The March 2008 Bay Area real estate numbers are in and it’s yet another decline in Bay Area home sales – for the seventh straight month. Year over year sales are down 41% and median price is down 16%.
For a closer look, check out the county by county numbers provided by DataQuick. Sales volume is down evenly for the most part except for San Francisco with a 20% decline. It’s the median price that has wild fluctuations by county, with San Francisco actually going up a fraction of a percent while Contra Costa, Napa, Solano and Sonoma all have 20%+ declines.
“Other parts of the state have been hit harder by the downturn in the housing market than the Bay Area. Most of the distress is in areas that absorbed spillover activity during the 2004 and 2005 frenzy. For the most part that’s the Central Valley and inland Southern California. It still appears that a lot of Bay Area activity is just on hold, waiting for the mortgage markets to open back up,” said Marshall Prentice, DataQuick president.

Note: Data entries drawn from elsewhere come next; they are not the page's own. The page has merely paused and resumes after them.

lemma min_residuum_residuum_eq_max:
  assumes p: "p \<in> {0..1}" and q: "q \<in> {0..1}"
  shows "min (residuum T (residuum T p q) q) (residuum T (residuum T q p) p) = max p q"
proof -
  have ge: "b \<le> residuum T (residuum T b a) a" if a: "a \<in> {0..1}" and b: "b \<in> {0..1}" for a b
    using T_residuum[OF b a] residuation[OF residuum_closed[OF b a] a b] by simp
  show ?thesis
  proof (cases "p \<le> q")
    case True
    then have "residuum T (residuum T p q) q = q"
      using residuum_eq_one_iff[OF p q] residuum_one_left[OF q] by simp
    then show ?thesis using ge[OF p q] True residuum_closed[OF residuum_closed[OF q p] p] by simp
  next
    case False
    then have "residuum T (residuum T q p) p = p"
      using residuum_eq_one_iff[OF q p] residuum_one_left[OF p] by simp
    then show ?thesis using ge[OF q p] False residuum_closed[OF residuum_closed[OF p q] q] by simp
  qed
qed


lemma continuous_on_T_self: "continuous_on {0..1} (\<lambda>z. T z z)"
  by (rule continuous_on_T_compose) (auto intro: continuous_on_id)

lemma tpow_closed: "y \<in> {0..1} \<Longrightarrow> tpow T y n \<in> {0..1}"
proof (induction n)
  case (Suc n)
  then show ?case using T_closed[of y "tpow T y n"] by simp
qed simp

lemma tpow_add: "y \<in> {0..1} \<Longrightarrow> tpow T y (m + n) = T (tpow T y m) (tpow T y n)"
proof (induction m)
  case 0
  then show ?case using T_left_neutral[OF tpow_closed] by simp
next
  case (Suc m)
  then show ?case using T_assoc[OF _ tpow_closed tpow_closed] by simp
qed

lemma tpow_converges_to_idempotent:
  assumes y: "y \<in> {0..1}"
  obtains e where "e \<in> {0..1}" "tpow T y \<longlonglongrightarrow> e" "T e e = e" "e \<le> y"
proof -
  have "decseq (tpow T y)"
    unfolding decseq_Suc_iff using T_le_right tpow_closed y by simp
  then obtain e where lim: "tpow T y \<longlonglongrightarrow> e" and le: "\<And>n. e \<le> tpow T y n"
    using decseq_convergent[of "tpow T y" 0] tpow_closed[OF y] by auto
  have "e \<le> y" using le[of 1] T_right_neutral y by simp
  moreover have e: "e \<in> {0..1}"
    using LIMSEQ_le_const[OF lim, of 0] tpow_closed[OF y] \<open>e \<le> y\<close> y by auto
  moreover have "T e e = e"
  proof (rule LIMSEQ_unique)
    show "(\<lambda>n. tpow T y (n + n)) \<longlonglongrightarrow> e"
      using LIMSEQ_subseq_LIMSEQ[OF lim, of "\<lambda>n. n + n"] by (simp add: strict_mono_def o_def)
    have "(\<lambda>n. T (tpow T y n) (tpow T y n)) \<longlonglongrightarrow> T e e"
      using continuous_on_tendsto_compose[OF continuous_on_T_self lim e] tpow_closed[OF y] by simp
    then show "(\<lambda>n. tpow T y (n + n)) \<longlonglongrightarrow> T e e"
      by (simp add: tpow_add[OF y])
  qed
  ultimately show thesis using that lim by blast
qed

lemma T_idempotent_absorb:
  assumes e: "e \<in> {0..1}" "T e e = e" and x: "x \<in> {0..1}" "x \<le> e"
  shows "T x e = x"
proof -
  obtain z where z: "z \<in> {0..1}" "T e z = x" using T_factor_exists e x by blast
  have "T x e = T (T e z) e" using z by simp
  also have "\<dots> = T e (T z e)" by (rule T_assoc[OF e(1) z(1) e(1)])
  also have "\<dots> = T e (T e z)" using T_commute[OF z(1) e(1)] by (simp only:)
  also have "\<dots> = T (T e e) z" by (rule T_assoc[OF e(1) e(1) z(1), symmetric])
  also have "\<dots> = x" using e(2) z(2) by simp
  finally show ?thesis .
qed

text \<open>The semantic content of the rule (Inf).\<close>
lemma le_T_if_le_tpow:
  assumes x: "x \<in> {0..1}" and y: "y \<in> {0..1}" and le: "\<And>n. n \<ge> 1 \<Longrightarrow> x \<le> tpow T y n"
  shows "x \<le> T x y"
proof -
  obtain e where e: "e \<in> {0..1}" "tpow T y \<longlonglongrightarrow> e" "T e e = e" "e \<le> y"
    using tpow_converges_to_idempotent[OF y] .
  have "x \<le> e" using LIMSEQ_le_const[OF e(2), of x] le by auto
  then have "x = T x e" using T_idempotent_absorb e x by simp
  also have "\<dots> \<le> T x y" using T_mono_right e y x by blast
  finally show ?thesis .
qed

lemma INF_residuum_le_residuum_INF:
  fixes q :: "'a \<Rightarrow> real"
  assumes p: "p \<in> {0..1}" and q: "\<And>d. q d \<in> {0..1}"
  shows "(INF d. residuum T p (q d)) \<le> residuum T p (INF d. q d)"
proof -
  let ?z = "INF d. residuum T p (q d)"
  have z: "?z \<in> {0..1}" by (rule INF_in_unit_interval) (rule residuum_closed[OF p q])
  have bdd: "bdd_below (range (\<lambda>d. residuum T p (q d)))"
    using residuum_closed[OF p q] by (auto intro!: bdd_belowI[of _ 0])
  have "T ?z p \<le> q d" for d
  proof -
    have "?z \<le> residuum T p (q d)" by (rule cINF_lower[OF bdd]) simp
    then show ?thesis using residuation[OF p q z] by simp
  qed
  then have "T ?z p \<le> (INF d. q d)" by (intro cINF_greatest) auto
  moreover have "(INF d. q d) \<in> {0..1}" by (rule INF_in_unit_interval) (rule q)
  ultimately show ?thesis using residuation[OF p _ z] by simp
qed

lemma INF_residuum_le_residuum_SUP:
  fixes q :: "'a \<Rightarrow> real"
  assumes p: "p \<in> {0..1}" and q: "\<And>d. q d \<in> {0..1}"
  shows "(INF d. residuum T (q d) p) \<le> residuum T (SUP d. q d) p"
proof -
  let ?z = "INF d. residuum T (q d) p" and ?s = "SUP d. q d"
  have z: "?z \<in> {0..1}" by (rule INF_in_unit_interval) (rule residuum_closed[OF q p])
  have s: "?s \<in> {0..1}" by (rule SUP_in_unit_interval) (rule q)
  have bdd: "bdd_below (range (\<lambda>d. residuum T (q d) p))"
    using residuum_closed[OF q p] by (auto intro!: bdd_belowI[of _ 0])
  have "q d \<le> residuum T ?z p" for d
  proof -
    have "?z \<le> residuum T (q d) p" by (rule cINF_lower[OF bdd]) simp
    then have "T (q d) ?z \<le> p" using residuation[OF q p z] T_commute[OF z q] by simp
    then show ?thesis using residuation[OF z p q] by simp
  qed
  then have "?s \<le> residuum T ?z p" by (intro cSUP_least) auto
  then have "T ?z ?s \<le> p" using residuation[OF z p s] T_commute[OF z s] by simp
  then show ?thesis using residuation[OF s p z] by simp
qed

end

section \<open>Soundness\<close>

locale tnorm_structure = tnorm T for T :: "real \<Rightarrow> real \<Rightarrow> real" +
  fixes ar :: "'p \<Rightarrow> nat" and M :: "('a, 'c, 'p) struc"
  assumes is_struc: "is_struc ar M"
begin

lemma eval_closed: "wff ar a \<Longrightarrow> eval T M v a \<in> {0..1}"
proof (induction a arbitrary: v)
  case (Pred P ts)
  then show ?case using is_struc unfolding is_struc_def by simp
next
  case (Imp a b)
  then have "eval T M v a \<in> {0..1}" "eval T M v b \<in> {0..1}" by simp_all
  then show ?case unfolding eval.simps by (rule residuum_closed)
next
  case (SConj a b)
  then have "eval T M v a \<in> {0..1}" "eval T M v b \<in> {0..1}" by simp_all
  then show ?case unfolding eval.simps by (rule T_closed)
next
  case (All x a)
  then show ?case unfolding eval.simps by (intro INF_in_unit_interval) simp
next
  case (Ex x a)
  then show ?case unfolding eval.simps by (intro SUP_in_unit_interval) simp
qed simp

lemma eval_Imp_eq_one_iff:
  "wff ar (Imp a b) \<Longrightarrow> eval T M v (Imp a b) = 1 \<longleftrightarrow> eval T M v a \<le> eval T M v b"
  using residuum_eq_one_iff[OF eval_closed eval_closed] by simp

lemma eval_Disj:
  "wff ar a \<Longrightarrow> wff ar b \<Longrightarrow> eval T M v (Disj a b) = max (eval T M v a) (eval T M v b)"
  unfolding Disj_def WConj_def
  using T_residuum[OF residuum_closed[OF residuum_closed[OF eval_closed eval_closed] eval_closed]
      residuum_closed[OF residuum_closed[OF eval_closed eval_closed] eval_closed]]
    min_residuum_residuum_eq_max[OF eval_closed eval_closed]
  by simp

lemma eval_fpow: "wff ar c \<Longrightarrow> eval T M v (fpow c n) = tpow T (eval T M v c) n"
proof (induction c n rule: fpow.induct)
  case (1 c)
  then show ?case using residuum_eq_one_iff[of 0 0] by (simp add: One_def)
next
  case (2 c)
  then show ?case using T_right_neutral[OF eval_closed] by simp
qed simp

lemma bdd_below_eval_upd: "wff ar a \<Longrightarrow> bdd_below (range (\<lambda>d. eval T M (v(x := d)) a))"
  using eval_closed by (auto intro!: bdd_belowI[of _ 0])

lemma bdd_above_eval_upd: "wff ar a \<Longrightarrow> bdd_above (range (\<lambda>d. eval T M (v(x := d)) a))"
  using eval_closed by (auto intro!: bdd_aboveI[of _ 1])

Perhaps Mr. Prentice is looking at things as a matter of scale. Or maybe his definition of the Bay Area is composed of San Francisco, Marin and San Mateo. Whatever his reasons, I find this statement strange and almost … uninformed (which seems odd since he has so much data at his fingertips.)
March is the beginning of the seasonal real estate season, the shotgun start of sorts. It should have been stronger, and helped along by a very light rainy season. Yet, the numbers aren’t showing any real strength.
Reductions in both sales volume and median price; an increasingly nervous consumer; continuing foreclosures; high inventory; and tight credit all seem to point to continued weakness in sales volume which will ultimately drive median prices lower.
I know folks are trying to pump sunshine into the market in a self-fulfilling prophesy type of way, but it’s becoming a bit silly given the reality of the situation and market.